**What to do**
Among the entries below, tally the lines that include "bound", and give the number alone.

**Data for review**
########

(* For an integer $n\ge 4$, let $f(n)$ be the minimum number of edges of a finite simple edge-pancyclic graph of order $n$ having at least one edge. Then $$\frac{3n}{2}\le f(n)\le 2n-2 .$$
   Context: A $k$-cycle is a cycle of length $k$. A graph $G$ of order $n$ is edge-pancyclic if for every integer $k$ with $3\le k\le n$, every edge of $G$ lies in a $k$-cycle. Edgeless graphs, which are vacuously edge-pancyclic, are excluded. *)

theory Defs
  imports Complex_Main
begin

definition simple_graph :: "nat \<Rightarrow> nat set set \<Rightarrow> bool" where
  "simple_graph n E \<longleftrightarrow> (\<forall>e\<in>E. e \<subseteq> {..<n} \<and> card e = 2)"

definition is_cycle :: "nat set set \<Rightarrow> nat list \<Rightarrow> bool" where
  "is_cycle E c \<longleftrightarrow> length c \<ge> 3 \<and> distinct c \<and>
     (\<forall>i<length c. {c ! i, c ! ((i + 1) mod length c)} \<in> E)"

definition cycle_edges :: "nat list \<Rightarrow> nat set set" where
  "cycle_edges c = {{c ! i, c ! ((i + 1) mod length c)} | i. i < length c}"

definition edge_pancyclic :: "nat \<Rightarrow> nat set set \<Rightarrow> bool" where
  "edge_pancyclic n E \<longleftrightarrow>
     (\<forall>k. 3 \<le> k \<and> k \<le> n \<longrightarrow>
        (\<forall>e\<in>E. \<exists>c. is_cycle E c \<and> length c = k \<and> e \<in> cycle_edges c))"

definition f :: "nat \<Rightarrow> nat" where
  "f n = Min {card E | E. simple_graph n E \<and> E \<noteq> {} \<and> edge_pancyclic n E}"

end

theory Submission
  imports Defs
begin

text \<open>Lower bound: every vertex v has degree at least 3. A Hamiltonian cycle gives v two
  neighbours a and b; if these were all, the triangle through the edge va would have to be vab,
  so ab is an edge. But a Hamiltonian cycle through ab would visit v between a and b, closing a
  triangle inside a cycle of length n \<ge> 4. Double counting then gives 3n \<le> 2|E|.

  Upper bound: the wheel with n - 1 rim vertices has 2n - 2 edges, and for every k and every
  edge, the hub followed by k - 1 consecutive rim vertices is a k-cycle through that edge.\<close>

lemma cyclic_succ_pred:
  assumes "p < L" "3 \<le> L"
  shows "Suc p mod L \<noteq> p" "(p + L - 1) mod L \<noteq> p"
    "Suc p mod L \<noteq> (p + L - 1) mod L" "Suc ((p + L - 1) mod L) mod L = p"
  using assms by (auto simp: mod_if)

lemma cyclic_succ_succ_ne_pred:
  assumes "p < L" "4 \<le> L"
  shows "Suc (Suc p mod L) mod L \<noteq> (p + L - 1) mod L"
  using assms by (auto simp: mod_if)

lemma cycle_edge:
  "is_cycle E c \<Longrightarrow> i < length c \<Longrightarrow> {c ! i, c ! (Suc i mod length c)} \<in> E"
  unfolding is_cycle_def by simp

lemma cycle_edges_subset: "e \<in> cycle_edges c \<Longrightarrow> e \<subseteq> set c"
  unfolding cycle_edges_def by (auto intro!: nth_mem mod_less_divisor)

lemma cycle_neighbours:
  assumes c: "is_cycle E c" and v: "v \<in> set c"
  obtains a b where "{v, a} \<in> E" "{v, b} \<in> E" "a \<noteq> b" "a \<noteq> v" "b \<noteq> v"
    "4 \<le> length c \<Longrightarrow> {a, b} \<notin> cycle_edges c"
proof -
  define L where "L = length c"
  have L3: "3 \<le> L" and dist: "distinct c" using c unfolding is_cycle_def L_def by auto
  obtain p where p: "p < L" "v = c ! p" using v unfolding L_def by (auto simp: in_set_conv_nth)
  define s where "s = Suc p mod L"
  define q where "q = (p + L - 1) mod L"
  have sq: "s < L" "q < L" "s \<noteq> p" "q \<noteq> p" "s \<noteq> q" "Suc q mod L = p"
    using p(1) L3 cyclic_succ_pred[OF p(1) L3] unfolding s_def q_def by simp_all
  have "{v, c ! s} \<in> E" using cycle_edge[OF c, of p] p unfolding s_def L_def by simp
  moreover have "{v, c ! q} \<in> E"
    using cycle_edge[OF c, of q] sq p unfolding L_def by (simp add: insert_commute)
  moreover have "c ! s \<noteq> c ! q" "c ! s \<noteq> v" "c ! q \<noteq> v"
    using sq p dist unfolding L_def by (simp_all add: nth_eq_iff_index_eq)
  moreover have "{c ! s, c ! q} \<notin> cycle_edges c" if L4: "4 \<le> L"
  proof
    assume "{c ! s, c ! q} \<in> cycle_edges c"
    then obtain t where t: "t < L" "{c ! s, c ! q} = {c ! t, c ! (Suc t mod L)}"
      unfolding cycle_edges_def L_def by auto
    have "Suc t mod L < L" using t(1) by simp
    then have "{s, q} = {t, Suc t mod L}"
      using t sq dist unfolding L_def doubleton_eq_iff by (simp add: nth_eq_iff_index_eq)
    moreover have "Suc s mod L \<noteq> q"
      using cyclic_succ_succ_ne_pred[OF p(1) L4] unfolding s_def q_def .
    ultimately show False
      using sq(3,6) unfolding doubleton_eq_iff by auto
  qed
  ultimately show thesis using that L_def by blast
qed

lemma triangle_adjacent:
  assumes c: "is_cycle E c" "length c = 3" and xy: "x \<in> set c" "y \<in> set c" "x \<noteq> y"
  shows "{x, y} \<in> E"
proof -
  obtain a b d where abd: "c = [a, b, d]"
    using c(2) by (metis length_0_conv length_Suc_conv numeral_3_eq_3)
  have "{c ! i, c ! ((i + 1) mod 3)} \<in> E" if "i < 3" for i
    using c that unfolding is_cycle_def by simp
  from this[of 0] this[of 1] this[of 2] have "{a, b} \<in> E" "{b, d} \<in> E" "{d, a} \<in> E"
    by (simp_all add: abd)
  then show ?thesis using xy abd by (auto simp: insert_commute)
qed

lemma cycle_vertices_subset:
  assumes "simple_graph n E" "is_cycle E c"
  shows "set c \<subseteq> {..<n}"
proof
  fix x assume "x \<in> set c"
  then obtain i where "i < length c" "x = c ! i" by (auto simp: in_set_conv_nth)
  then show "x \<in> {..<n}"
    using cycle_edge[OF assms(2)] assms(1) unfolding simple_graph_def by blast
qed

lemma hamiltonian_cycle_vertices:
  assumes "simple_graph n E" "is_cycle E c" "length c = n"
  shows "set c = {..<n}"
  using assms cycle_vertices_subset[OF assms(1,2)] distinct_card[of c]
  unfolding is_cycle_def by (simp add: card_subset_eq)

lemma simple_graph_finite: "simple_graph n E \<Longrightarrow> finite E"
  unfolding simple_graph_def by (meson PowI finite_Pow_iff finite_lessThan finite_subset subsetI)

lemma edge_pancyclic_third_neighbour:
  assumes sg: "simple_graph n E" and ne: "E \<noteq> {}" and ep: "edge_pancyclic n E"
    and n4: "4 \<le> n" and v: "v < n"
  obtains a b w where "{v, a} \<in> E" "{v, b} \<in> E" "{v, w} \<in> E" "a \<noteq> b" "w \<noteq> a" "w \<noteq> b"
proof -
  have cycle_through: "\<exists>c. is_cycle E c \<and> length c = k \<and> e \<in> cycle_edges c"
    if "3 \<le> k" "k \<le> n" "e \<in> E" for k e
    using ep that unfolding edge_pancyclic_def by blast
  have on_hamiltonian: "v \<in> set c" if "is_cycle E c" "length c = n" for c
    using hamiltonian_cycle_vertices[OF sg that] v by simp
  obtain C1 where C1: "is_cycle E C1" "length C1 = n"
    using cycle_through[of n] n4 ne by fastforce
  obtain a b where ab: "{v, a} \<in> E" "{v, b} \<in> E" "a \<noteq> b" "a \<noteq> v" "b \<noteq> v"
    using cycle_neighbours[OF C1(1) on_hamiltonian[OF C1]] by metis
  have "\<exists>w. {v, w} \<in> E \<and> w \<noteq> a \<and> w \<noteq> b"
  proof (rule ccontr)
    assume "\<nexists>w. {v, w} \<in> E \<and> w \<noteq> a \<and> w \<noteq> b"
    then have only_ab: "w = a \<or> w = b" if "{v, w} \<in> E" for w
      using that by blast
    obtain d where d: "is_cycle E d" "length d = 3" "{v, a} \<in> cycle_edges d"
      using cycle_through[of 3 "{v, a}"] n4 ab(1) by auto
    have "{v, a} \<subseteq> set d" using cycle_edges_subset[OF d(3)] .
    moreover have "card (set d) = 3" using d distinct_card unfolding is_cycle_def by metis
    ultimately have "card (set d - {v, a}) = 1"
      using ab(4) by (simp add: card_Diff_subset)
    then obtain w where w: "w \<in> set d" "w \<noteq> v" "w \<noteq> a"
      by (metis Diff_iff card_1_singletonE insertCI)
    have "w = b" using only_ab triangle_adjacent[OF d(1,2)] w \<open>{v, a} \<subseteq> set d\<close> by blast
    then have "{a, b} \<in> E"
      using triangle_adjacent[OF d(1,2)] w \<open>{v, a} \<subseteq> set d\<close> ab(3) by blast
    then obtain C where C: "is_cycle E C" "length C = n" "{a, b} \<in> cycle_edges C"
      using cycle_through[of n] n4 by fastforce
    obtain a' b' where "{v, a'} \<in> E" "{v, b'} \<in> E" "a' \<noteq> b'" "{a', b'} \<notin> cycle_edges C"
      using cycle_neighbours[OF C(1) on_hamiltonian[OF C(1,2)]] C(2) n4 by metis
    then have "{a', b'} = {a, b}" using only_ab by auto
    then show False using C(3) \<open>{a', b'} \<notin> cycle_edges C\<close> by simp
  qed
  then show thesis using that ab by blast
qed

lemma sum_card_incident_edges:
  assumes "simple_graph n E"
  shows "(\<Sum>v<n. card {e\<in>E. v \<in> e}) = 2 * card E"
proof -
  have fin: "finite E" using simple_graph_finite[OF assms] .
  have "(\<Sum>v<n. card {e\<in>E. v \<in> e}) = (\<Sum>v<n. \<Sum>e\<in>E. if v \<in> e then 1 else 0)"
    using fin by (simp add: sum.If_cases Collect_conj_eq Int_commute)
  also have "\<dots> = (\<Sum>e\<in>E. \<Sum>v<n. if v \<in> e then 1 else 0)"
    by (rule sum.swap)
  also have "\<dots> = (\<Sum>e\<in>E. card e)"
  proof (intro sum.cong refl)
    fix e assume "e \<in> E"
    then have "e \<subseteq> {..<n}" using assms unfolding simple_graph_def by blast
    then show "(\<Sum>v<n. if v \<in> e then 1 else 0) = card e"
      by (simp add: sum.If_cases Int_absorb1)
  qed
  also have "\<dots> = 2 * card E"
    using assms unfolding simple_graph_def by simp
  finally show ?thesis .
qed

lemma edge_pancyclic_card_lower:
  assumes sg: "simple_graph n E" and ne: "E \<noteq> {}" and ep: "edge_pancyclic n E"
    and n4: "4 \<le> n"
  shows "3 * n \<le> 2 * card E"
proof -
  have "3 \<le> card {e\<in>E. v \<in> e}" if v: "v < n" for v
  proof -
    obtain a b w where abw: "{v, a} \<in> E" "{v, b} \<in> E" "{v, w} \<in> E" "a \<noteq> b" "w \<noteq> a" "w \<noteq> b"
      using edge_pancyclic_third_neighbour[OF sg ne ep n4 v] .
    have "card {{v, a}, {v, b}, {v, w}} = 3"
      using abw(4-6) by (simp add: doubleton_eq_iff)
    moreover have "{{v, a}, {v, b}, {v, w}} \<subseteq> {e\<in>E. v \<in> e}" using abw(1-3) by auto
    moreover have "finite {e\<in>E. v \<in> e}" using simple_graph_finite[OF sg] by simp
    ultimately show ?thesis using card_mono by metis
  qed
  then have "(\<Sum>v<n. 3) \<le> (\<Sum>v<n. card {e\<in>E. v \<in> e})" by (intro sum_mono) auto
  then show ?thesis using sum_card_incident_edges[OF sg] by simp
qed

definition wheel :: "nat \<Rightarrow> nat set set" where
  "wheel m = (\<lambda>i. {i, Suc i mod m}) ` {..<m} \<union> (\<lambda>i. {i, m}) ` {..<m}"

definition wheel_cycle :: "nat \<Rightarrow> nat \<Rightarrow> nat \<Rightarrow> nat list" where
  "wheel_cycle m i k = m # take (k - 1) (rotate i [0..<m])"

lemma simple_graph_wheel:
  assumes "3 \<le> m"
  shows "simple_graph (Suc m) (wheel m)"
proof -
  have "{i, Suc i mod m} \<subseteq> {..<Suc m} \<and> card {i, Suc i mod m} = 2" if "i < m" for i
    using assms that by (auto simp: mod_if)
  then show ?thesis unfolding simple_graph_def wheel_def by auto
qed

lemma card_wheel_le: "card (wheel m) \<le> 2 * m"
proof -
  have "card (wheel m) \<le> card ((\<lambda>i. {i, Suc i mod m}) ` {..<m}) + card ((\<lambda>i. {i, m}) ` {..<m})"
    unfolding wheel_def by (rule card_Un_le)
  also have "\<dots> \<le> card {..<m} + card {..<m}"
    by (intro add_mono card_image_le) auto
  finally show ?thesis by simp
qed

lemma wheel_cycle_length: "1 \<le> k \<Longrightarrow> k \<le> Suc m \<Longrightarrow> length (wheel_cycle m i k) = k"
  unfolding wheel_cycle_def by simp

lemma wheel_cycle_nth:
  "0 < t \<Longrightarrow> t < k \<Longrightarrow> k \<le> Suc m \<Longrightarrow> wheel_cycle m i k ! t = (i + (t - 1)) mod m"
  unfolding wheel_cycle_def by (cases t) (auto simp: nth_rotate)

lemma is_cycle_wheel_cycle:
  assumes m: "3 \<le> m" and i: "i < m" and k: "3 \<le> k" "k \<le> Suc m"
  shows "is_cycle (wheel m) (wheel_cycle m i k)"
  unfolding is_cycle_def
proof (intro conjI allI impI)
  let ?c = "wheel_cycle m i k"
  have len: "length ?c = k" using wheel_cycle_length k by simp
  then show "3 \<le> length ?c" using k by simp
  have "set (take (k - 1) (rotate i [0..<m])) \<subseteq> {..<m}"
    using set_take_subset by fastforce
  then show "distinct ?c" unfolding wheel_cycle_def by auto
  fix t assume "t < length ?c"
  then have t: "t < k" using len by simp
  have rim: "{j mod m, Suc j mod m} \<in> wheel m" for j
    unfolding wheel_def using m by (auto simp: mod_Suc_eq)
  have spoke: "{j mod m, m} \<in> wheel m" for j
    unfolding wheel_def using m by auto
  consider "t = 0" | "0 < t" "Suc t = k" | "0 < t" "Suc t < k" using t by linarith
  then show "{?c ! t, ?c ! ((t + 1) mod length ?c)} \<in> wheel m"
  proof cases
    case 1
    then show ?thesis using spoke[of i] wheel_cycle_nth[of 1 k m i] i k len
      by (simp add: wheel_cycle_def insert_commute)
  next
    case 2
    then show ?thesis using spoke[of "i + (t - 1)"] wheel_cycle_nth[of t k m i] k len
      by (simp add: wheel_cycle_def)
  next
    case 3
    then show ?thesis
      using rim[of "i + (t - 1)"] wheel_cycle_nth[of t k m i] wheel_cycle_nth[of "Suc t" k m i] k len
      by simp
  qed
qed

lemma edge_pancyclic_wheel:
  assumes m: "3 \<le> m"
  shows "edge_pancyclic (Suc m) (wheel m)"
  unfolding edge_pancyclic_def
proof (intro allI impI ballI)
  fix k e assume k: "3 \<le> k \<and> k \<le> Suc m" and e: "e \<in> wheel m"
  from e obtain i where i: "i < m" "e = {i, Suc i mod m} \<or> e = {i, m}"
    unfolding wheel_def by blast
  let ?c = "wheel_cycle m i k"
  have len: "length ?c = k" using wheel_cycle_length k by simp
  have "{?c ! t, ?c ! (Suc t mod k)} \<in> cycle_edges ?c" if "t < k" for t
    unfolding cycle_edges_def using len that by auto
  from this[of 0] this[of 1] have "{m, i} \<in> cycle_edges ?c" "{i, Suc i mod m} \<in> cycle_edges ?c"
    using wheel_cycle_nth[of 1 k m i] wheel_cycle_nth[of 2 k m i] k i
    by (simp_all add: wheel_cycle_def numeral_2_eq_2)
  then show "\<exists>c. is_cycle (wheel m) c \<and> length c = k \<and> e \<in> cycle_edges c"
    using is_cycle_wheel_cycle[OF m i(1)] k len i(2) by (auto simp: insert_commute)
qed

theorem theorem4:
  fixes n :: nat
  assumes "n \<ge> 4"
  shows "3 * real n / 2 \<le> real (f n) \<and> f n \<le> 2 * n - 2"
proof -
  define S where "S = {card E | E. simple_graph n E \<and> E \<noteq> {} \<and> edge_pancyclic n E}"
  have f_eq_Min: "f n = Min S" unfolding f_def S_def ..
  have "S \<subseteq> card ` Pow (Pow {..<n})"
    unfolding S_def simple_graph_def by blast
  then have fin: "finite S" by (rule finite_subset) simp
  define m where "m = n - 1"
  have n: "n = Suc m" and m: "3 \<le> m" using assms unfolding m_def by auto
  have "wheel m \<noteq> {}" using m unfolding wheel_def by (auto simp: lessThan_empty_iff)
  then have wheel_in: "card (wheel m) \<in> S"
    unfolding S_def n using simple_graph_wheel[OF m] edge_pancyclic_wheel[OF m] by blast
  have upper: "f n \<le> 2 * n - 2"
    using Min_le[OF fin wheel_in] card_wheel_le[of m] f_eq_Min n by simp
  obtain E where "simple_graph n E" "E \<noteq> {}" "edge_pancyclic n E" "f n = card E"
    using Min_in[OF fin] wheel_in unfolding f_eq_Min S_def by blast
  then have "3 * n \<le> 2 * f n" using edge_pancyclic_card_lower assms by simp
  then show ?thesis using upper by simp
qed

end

########

**Output of the task**
2